We decided that we would take turns paying for things during our weekends. I would pay for food then he would pay for our room or vice versa. This went well for a few months but I started to notice a pattern. If it was my turn to pay for the room, he would want to stay at the most expensive places and he would insist on staying for a three-night weekend. But when it was his turn to pay for the room, he would always pick out cheap places and we'd sometimes only stay one night. The same would happen would it came to him paying for food. Everything was becoming very one-sided. When holidays came up, he would pick fights with me and we would end up apart. When birthdays would come around I would always get him nice gifts but he would act strangely and want to take a little time apart. Conveniently, he'd want to get back together a week or two after my birthday and Valentine's day, which only happen to be three days apart. So much happened with this man until I just couldn't take it anymore. We'd break up and get back together and the whole cycle would start over. I gave my heart and soul to this man, but I would never have a special place in his heart. All the planning that we'd done was just wishful thinking and a waste of time. Never did I think that the relationship would change me into a person that I would no longer recognize when I looked in the mirror.

Self-Reflection
I became selfish and suspicious of others. I was no longer giving and free-hearted. I always had the fear that I would be used and abused by someone else. After finally leaving Mathew, I tried to date again but I just couldn't. Everyone reminded me of him in different ways.

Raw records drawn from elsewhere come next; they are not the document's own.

(* Every partition $F\subseteq S^d$ that is a $k$-neighborly family for some $k\leqslant 2$ is a total lamination.
   Context: Let $S=\{0,1,\ast\}$ and let $S^d$ be the set of strings of length $d$ over $S$; the symbol $\ast$ is called a joker, and $j(x)$ denotes the number of jokers in $x\in S^d$. For $x,y\in S^d$, $d(x,y)$ is the number of positions $i\in[d]$ such that one of $x_i,y_i$ equals $0$ and the other equals $1$. A family $F\subseteq S^d$ is $k$-neighborly if $1\leqslant d(x,y)\leqslant k$ for all distinct $x,y\in F$. A $k$-neighborly family $F$ is a partition if $\sum_{x\in F}2^{j(x)}=2^d$. For $s\in S$ and $i\in[d]$, $F^{i,s}$ denotes the set of strings in $F$ having symbol $s$ at position $i$. A family $F\subseteq S^d$ is a lamination if it is a partition and $F=F^{i,0}\cup F^{i,1}$ for some $i\in[d]$. For $v\in S^d$ and $i\in[d]$, $v_{-i}$ is the string of length $d-1$ obtained by deleting the $i$-th letter of $v$, and $F_{-i}=\{v_{-i}:v\in F\}$. Total laminations are defined recursively on $d$: for every $d\geqslant 1$, the one-element family $\{\ast\ast\cdots\ast\}\subseteq S^d$ and the full cube $\{0,1\}^d\subseteq S^d$ are total laminations; and a lamination $F\subseteq S^d$ is a total lamination if there is $i\in[d]$ with $F=F^{i,0}\cup F^{i,1}$ such that both $(F^{i,0})_{-i}$ and $(F^{i,1})_{-i}$ are total laminations (in $S^{d-1}$). *)

theory Defs
  imports Main
begin
(* Assume $k>1$. (1) $r=e-k$ if and only if $v(R)\setminus v(xR:\mathfrak m)=\{0,y_1,\dots,y_{k-1}\}$. (2) If $r<e-1$, then (a) $2y_1<c+e$, and (b) $p\le 2l_1+2$, and $p=2l_1+2$ implies $h>0$. (3) If $r=e-k$, then (a) $y_1+y_j<c+e$ for every $j=1,\dots,k-1$, and (b) $p\le l_1+l_{k-1}+2$, and $p=l_1+l_{k-1}+2$ implies $h>0$. (4) If $p\ge3$ and $i$ is such that $l_i=0$, then $2y_i>c+e$.
   Context: Let $(R,\mathfrak m)$ be a one-dimensional local Noetherian domain with quotient field $K$, not regular, analytically irreducible (the integral closure $\overline R$ of $R$ in $K$ is a DVR and a finite $R$-module) and residually rational. Let $v$ be the valuation of $\overline R$ normalized so a uniformizer $t$ has value 1, $v(R)=\{v(a):a\in R\setminus\{0\}\}$, $\mathfrak C=(R:_K\overline R)=t^c\overline R$ with $c$ the least element of $v(R)$ with $c+\mathbb N\subseteq v(R)$, $r=\ell_R((R:_K\mathfrak m)/R)$, $e$ the least positive element of $v(R)$. Let $x\in\mathfrak m$ with $v(x)=e$, $k=\ell_R(R/(\mathfrak C+xR))$, $(xR:\mathfrak m)=\{a\in K:a\mathfrak m\subseteq xR\}$ (an ideal of $R$) with value set $v(xR:\mathfrak m)$. When $k>1$: $p$ is the integer with $c-e\le pe<c$, $h=(p+1)e-c$; $y_1<\dots<y_{k-1}$ are the nonzero elements of $v(R)\setminus v(\mathfrak C+xR)$ (equivalently the $y\in v(R)$ with $0<y<c$ and $y-e\notin v(R)$); $l_i\ge0$ is the integer with $y_i+l_ie<c\le y_i+(l_i+1)e$. *)

theory Defs
  imports "HOL-Computational_Algebra.Polynomial"
begin

text \<open>The ambient field K is the whole type 'a; R is a subset of it. All sets below are
subsets of K. v is the normalized discrete valuation of K (its value at 0 is irrelevant).\<close>

definition subring :: "'a::field set \<Rightarrow> bool" where
  "subring R \<longleftrightarrow> 0 \<in> R \<and> 1 \<in> R \<and> (\<forall>a\<in>R. \<forall>b\<in>R. a + b \<in> R \<and> a * b \<in> R \<and> - a \<in> R)"

definition submod :: "'a::field set \<Rightarrow> 'a set \<Rightarrow> bool" where
  "submod R M \<longleftrightarrow> 0 \<in> M \<and> (\<forall>a\<in>M. \<forall>b\<in>M. a + b \<in> M) \<and> (\<forall>r\<in>R. \<forall>a\<in>M. r * a \<in> M)"

definition ideal_of :: "'a::field set \<Rightarrow> 'a set \<Rightarrow> bool" where
  "ideal_of R I \<longleftrightarrow> I \<subseteq> R \<and> submod R I"

definition prime_ideal_of :: "'a::field set \<Rightarrow> 'a set \<Rightarrow> bool" where
  "prime_ideal_of R P \<longleftrightarrow> ideal_of R P \<and> P \<noteq> R \<and> (\<forall>a\<in>R. \<forall>b\<in>R. a * b \<in> P \<longrightarrow> a \<in> P \<or> b \<in> P)"

definition gen_by :: "'a::field set \<Rightarrow> 'a set \<Rightarrow> 'a set" where
  "gen_by R F = {(\<Sum>f\<in>F. g f * f) | g. \<forall>f\<in>F. g f \<in> R}"

definition noetherian :: "'a::field set \<Rightarrow> bool" where
  "noetherian R \<longleftrightarrow> (\<forall>I. ideal_of R I \<longrightarrow> (\<exists>F. finite F \<and> F \<subseteq> I \<and> I = gen_by R F))"

definition krull_dim_one :: "'a::field set \<Rightarrow> bool" where
  "krull_dim_one R \<longleftrightarrow>
     (\<exists>P0 P1. prime_ideal_of R P0 \<and> prime_ideal_of R P1 \<and> P0 \<subset> P1) \<and>
     \<not> (\<exists>P0 P1 P2. prime_ideal_of R P0 \<and> prime_ideal_of R P1 \<and> prime_ideal_of R P2 \<and>
           P0 \<subset> P1 \<and> P1 \<subset> P2)"

definition local_ring :: "'a::field set \<Rightarrow> 'a set \<Rightarrow> bool" where
  "local_ring R m \<longleftrightarrow> ideal_of R m \<and> m \<noteq> R \<and> (\<forall>a\<in>R - m. \<exists>b\<in>R. a * b = 1)"

definition quotient_field_is_K :: "'a::field set \<Rightarrow> bool" where
  "quotient_field_is_K R \<longleftrightarrow> (\<forall>a. \<exists>b\<in>R. \<exists>d\<in>R. d \<noteq> 0 \<and> a = b / d)"

definition integral_over :: "'a::field set \<Rightarrow> 'a \<Rightarrow> bool" where
  "integral_over R a \<longleftrightarrow> (\<exists>p. lead_coeff p = 1 \<and> (\<forall>i. coeff p i \<in> R) \<and> poly p a = 0)"

definition discrete_valuation :: "('a::field \<Rightarrow> int) \<Rightarrow> bool" where
  "discrete_valuation v \<longleftrightarrow>
     (\<forall>a b. a \<noteq> 0 \<longrightarrow> b \<noteq> 0 \<longrightarrow> v (a * b) = v a + v b) \<and>
     (\<forall>a b. a \<noteq> 0 \<longrightarrow> b \<noteq> 0 \<longrightarrow> a + b \<noteq> 0 \<longrightarrow> min (v a) (v b) \<le> v (a + b)) \<and>
     (\<exists>t. t \<noteq> 0 \<and> v t = 1)"

definition val_ring :: "('a::field \<Rightarrow> int) \<Rightarrow> 'a set" where
  "val_ring v = {a. a = 0 \<or> 0 \<le> v a}"

text \<open>residually rational: the residue field of R equals that of the valuation ring\<close>
definition residually_rational :: "'a::field set \<Rightarrow> ('a \<Rightarrow> int) \<Rightarrow> bool" where
  "residually_rational R v \<longleftrightarrow> (\<forall>a\<in>val_ring v. \<exists>b\<in>R. a = b \<or> 0 < v (a - b))"

definition valset :: "('a::field \<Rightarrow> int) \<Rightarrow> 'a set \<Rightarrow> int set" where
  "valset v A = {v a | a. a \<in> A \<and> a \<noteq> 0}"

definition colon :: "'a::field set \<Rightarrow> 'a set \<Rightarrow> 'a set" where
  "colon A B = {a. \<forall>b\<in>B. a * b \<in> A}"

definition smul_set :: "'a::field \<Rightarrow> 'a set \<Rightarrow> 'a set" where
  "smul_set x A = {x * a | a. a \<in> A}"

definition sum_set :: "'a::field set \<Rightarrow> 'a set \<Rightarrow> 'a set" where
  "sum_set A B = {a + b | a b. a \<in> A \<and> b \<in> B}"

Someone would talk like him, walk like him, act like him or even look like him and I would exit at stage left. I just wasn't having it. I wasn't wealing to yield to anything or anyone until I met Freddrick, No matter what I threw his way, he never gave up on me. He loved me no matter what. But now, I had become the Mathew in our relationship. I was treating Freddrick the way that Mathew had treated me and I didn't realize it. I think it had become something normal to me. But I was wrong on so many levels.
Today and here on after, I'll try to remember who I was before that evil person came into my life. I try to be a better person and a better wife. My eyes are open and I realize the error of my ways. Sometimes, we hurt the ones we love most without even knowing it. I don't want to live like that anymore. I encourage you to look at your own behavior. Are you having problems in your relationship? Is the problem you or your mate? Baggage from the past has a way of taking up residence in the present. Take a look in the mirror. Have a candid conversation with your loved one. Don't let a good relationship go down the drain because of something that burned you in your past. Ask yourself this: Have the wounds healed or are they still featuring and infected?